Averaging is meaningless, as you pointed out.
The median age is what is used in talking about mortality statistics.

This: Actuarial Life Table is what should be looked at when we are discussing mortality & longevity.

Look at the rows for age 66 and age 82. For every 78,351 males that are 66, only 41,683 will still be alive at 82. IOW, 53% will make it to 82 and 47% won't. That's about 50/50. On the age 66 row, we see the Life Epectancy of a 62 year old male is a little over 16 years. 66 + 16 = 82.

Life expectancy at age X is defined as the number of years it takes for the number of people who are still alive to be half the original number.

So... a 62 YO male has a 50/50 chance to make it to 81.
A 70 YO has a 50/50 chance to make it to 84.
An 80 YO has a 50/50 chance to make it to 88.

Now, we are worried that me might be one of the unlucky (?) 53% and live past 82 and don't want to risk running out of money.
So we could define an "optimistic life expectancy" as 25% chance of still being alive.
Age 62 = 83,217 50% of that is 41608. Closest row to that is 82 with 41,683 survivors. This is the normal 50/50 L.E.

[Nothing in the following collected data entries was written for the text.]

theorem sum_hpow_hfun_ge:
  "A \<subseteq> cube n \<Longrightarrow> 2 * real (card A) * (2 ^ n - real (card A)) / 2 ^ n \<le> (\<Sum>x\<in>A. hpow (hfun n A x))"
proof (induction n arbitrary: A)
  case 0
  have "card A \<le> card (cube 0)" using 0 finite_cube by (intro card_mono)
  hence "card A = 0 \<or> card A = 1" by (auto simp: card_cube)
  thus ?case using sum_nonneg[of A "\<lambda>x. hpow (hfun 0 A x)"] hpow_nonneg by auto
next
  case (Suc n A)
  define A0 where "A0 = cube_slice False A"
  define A1 where "A1 = cube_slice True A"
  define C where "C = A0 \<union> A1"
  define D where "D = A0 \<inter> A1"
  define dg where "dg X x = deg_in (cube n - X) x" for X x
  have sub: "A0 \<subseteq> cube n" "A1 \<subseteq> cube n"
    using cube_slice_subset[OF Suc.prems] by (auto simp: A0_def A1_def)
  hence fin: "finite A0" "finite A1" "finite C"
    using finite_subset[OF _ finite_cube] by (auto simp: C_def)
  have subCD: "C \<subseteq> cube n" "D \<subseteq> cube n" using sub by (auto simp: C_def D_def)
  have IH: "2 * real (card X) * (2 ^ n - real (card X)) / 2 ^ n \<le> (\<Sum>x\<in>X. hpow (dg X x))"
    if "X \<subseteq> cube n" for X
    using Suc.IH[OF that] by (simp add: hfun_def dg_def cong: sum.cong)
  have cardA: "card A = card C + card D"
    using card_cube_Suc[OF Suc.prems] card_Un_Int[OF fin(1,2)] by (simp add: A0_def A1_def C_def D_def)
  have "card C \<le> 2 ^ n" using card_mono[OF finite_cube subCD(1)] by (simp add: card_cube)
  hence "2 * real (card C + card D) * (2 * 2 ^ n - real (card C + card D)) / (2 * 2 ^ n)
      \<le> (\<Sum>x\<in>C. hpow (dg C x)) + (\<Sum>x\<in>D. hpow (dg D x)) + (\<Sum>x\<in>C - D. hpow_step (dg C x))"
    using IH[OF subCD(1)] IH[OF subCD(2)]
    by (intro hpow_recursion_step[OF fin(3)]) (auto simp: C_def D_def)
  also have "\<dots> \<le> (\<Sum>x\<in>A0. hpow ((if x \<in> A1 then 0 else 1) + dg A0 x))
      + (\<Sum>x\<in>A1. hpow ((if x \<in> A0 then 0 else 1) + dg A1 x))"
    unfolding C_def D_def dg_def
    using deg_in_compl_Un_Int[of n A0 A1] finite_cube
    by (intro sum_hpow_two_slices[OF fin(1,2)]) (auto intro: deg_in_mono)
  also have "\<dots> = (\<Sum>z\<in>A. hpow (hfun (Suc n) A z))"
    using sum_hpow_hfun_Suc[OF Suc.prems] by (simp add: A0_def A1_def dg_def)
  finally show ?case using cardA by simp
qed

lemma hfun_le_dim: "x \<in> cube n \<Longrightarrow> hfun n A x \<le> n"
  using deg_in_le_dim[of "cube n - A" n x] by (simp add: hfun_def)

lemma sum_hpow_hfun_Diff_ge:
  assumes A: "A \<subseteq> cube n" and U: "U \<subseteq> A"
  shows "2 * real (card A) * (2 ^ n - real (card A)) / 2 ^ n - real (card U) * hpow n
    \<le> (\<Sum>x\<in>A - U. hpow (hfun n A x))"
proof -
  have finA: "finite A" using A finite_cube finite_subset by blast
  have "(\<Sum>x\<in>U. hpow (hfun n A x)) \<le> (\<Sum>x\<in>U. hpow n)"
    using A U by (intro sum_mono hpow_mono hfun_le_dim) auto
  moreover have "(\<Sum>x\<in>A. hpow (hfun n A x)) = (\<Sum>x\<in>A - U. hpow (hfun n A x)) + (\<Sum>x\<in>U. hpow (hfun n A x))"
    using sum.subset_diff[OF U finA] .
  ultimately show ?thesis using sum_hpow_hfun_ge[OF A] by simp
qed

lemma cube_int_eq_sum: "cube_int n X F = (\<Sum>x\<in>X. F x) / 2 ^ n"
  by (simp add: cube_int_def mu_def sum_divide_distrib)

theorem corollary3p2:
  fixes n :: nat and R S U :: "bool list set" and \<alpha> \<beta> :: real
  assumes "n \<ge> 1"
    and "\<beta> = log 2 (3/2)"
    and "R \<union> S \<union> U = cube n"
    and "R \<inter> S = {}" and "R \<inter> U = {}" and "S \<inter> U = {}"
    and "mu n (R \<union> U) = \<alpha>"
  shows "real (card (nabla R S)) / 2 ^ n = cube_int n R (\<lambda>x. real (hfun n (R \<union> U) x))
    \<and> cube_int n R (\<lambda>x. real (hfun n (R \<union> U) x)) \<ge> cube_int n R (\<lambda>x. real (hfun n (R \<union> U) x) powr \<beta>)
    \<and> cube_int n R (\<lambda>x. real (hfun n (R \<union> U) x) powr \<beta>) \<ge> 2 * \<alpha> * (1 - \<alpha>) - real n powr \<beta> * mu n U"
proof -
  have powr_\<beta>: "real h powr \<beta> = hpow h" for h using assms(2) by (simp add: hpow_def cube_exponent_def)
  have A: "R \<union> U \<subseteq> cube n" using assms(3) by auto
  hence finR: "finite R" using finite_cube finite_subset by blast
  have "cube n - (R \<union> U) = S" using assms(3-6) by auto
  hence "card (nabla R S) = (\<Sum>x\<in>R. hfun n (R \<union> U) x)"
    by (simp add: card_nabla[OF finR] hfun_def)
  moreover have "(\<Sum>x\<in>R. hpow (hfun n (R \<union> U) x)) \<le> (\<Sum>x\<in>R. real (hfun n (R \<union> U) x))"
    by (intro sum_mono hpow_le_self)
  moreover have "2 * \<alpha> * (1 - \<alpha>) - real n powr \<beta> * mu n U
      = (2 * real (card (R \<union> U)) * (2 ^ n - real (card (R \<union> U))) / 2 ^ n - real (card U) * hpow n) / 2 ^ n"
    using assms(7) by (simp add: mu_def powr_\<beta> field_simps)
  moreover have "R \<union> U - U = R" using assms(5) by auto
  ultimately show ?thesis
    using divide_right_mono[OF sum_hpow_hfun_Diff_ge[OF A, of U], of "2 ^ n"]
    by (auto simp: cube_int_eq_sum powr_\<beta> divide_right_mono)
qed
text \<open>Conjugation by \<open>\<sigma>\<^sup>k\<close> translates a 3-cycle along \<open>{1..n}\<close>, so only the gaps between its
  points matter. Conjugating \<open>(1 a+1 a)\<close> by a power of \<open>\<alpha>\<close> produces the gaps of
  \<open>(v s s+1)\<close> when \<open>s - v \<ge> b - 1\<close>; for smaller gaps a power of \<open>\<beta>\<close> is used instead.\<close>

lemma word_length_le_puzzle_far_three_cycle:
  assumes "1 < a" "1 < b" "1 \<le> v" "v < s" "s < a+b-1" "b - 1 \<le> s - v"
  shows "word_length_le (puzzle_shifts a b) (6 * (a+b-1)) (cycle_of_list [v, s, Suc s])"
proof -
  define i where "i = s - v + 2 - b"
  define k where "k = v + b - 2"
  have i: "1 \<le> i" "i < a" and k: "k + i = s" "a + 1 + k = a + b - 1 + v"
    using assms unfolding i_def k_def by linarith+
  let ?\<alpha>i = "cycle_of_list [1..<a+1] ^^ i" and ?\<sigma>k = "cycle_of_list [1..<a+b] ^^ k"
  have "?\<alpha>i 1 = 1 + i" "?\<alpha>i (a+1) = a+1" "?\<alpha>i a = i"
    using i by (simp_all del: upt_Suc add: funpow_cycle_of_list_upt funpow_cycle_of_list_upt_outside)
  then have "word_length_le (puzzle_shifts a b) (2 * i + 4) (cycle_of_list [1+i, a+1, i])"
    using assms(1)
    by (intro puzzle_shifts.word_length_le_conj_cycle[OF word_length_le_puzzle_alpha_funpow
          word_length_le_puzzle_commutator[OF assms(1,2)]]) simp_all
  moreover have "cycle_of_list [1+i, a+1, i] = cycle_of_list [a+1, i, 1+i]"
    by (rule cycle_of_list_3_rotate) (use i in simp)
  ultimately have W: "word_length_le (puzzle_shifts a b) (2 * i + 4) (cycle_of_list [a+1, i, 1+i])"
    by simp
  have "?\<sigma>k (a+1) = v" "?\<sigma>k i = s" "?\<sigma>k (1+i) = Suc s"
    using i k assms by (simp_all add: funpow_cycle_of_list_upt)
  then have "word_length_le (puzzle_shifts a b) (2 * (k * 2) + (2 * i + 4)) (cycle_of_list [v, s, Suc s])"
    using assms i
    by (intro puzzle_shifts.word_length_le_conj_cycle[OF word_length_le_puzzle_full_cycle_funpow W]) simp_all
  then show ?thesis by (rule word_length_le_mono) (use k assms in linarith)
qed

Age 62 = 83,217 25% of that is 20804. Closest row to that is 88 with 21,785 survivors. This is the optimistic 25/75 L.E.

Marine Corps method. "Look at the man on your left, look at the man on your right. When it's all done, only one you will still be here."

Age 62 = 83,217 33% of that is 27739. Closest row to that is 86 with 28,341 survivors. This is the "marine" 33/67 L.E.

Let's go crazy. What's the stats for 62 year olds making it to 90?
Age 62 = 83,217 Age 90 = 15,722. That's 19%.

For your poker table club of 5 guys of 62 years old, only 1 will make it to 90. The other 4 will be gone.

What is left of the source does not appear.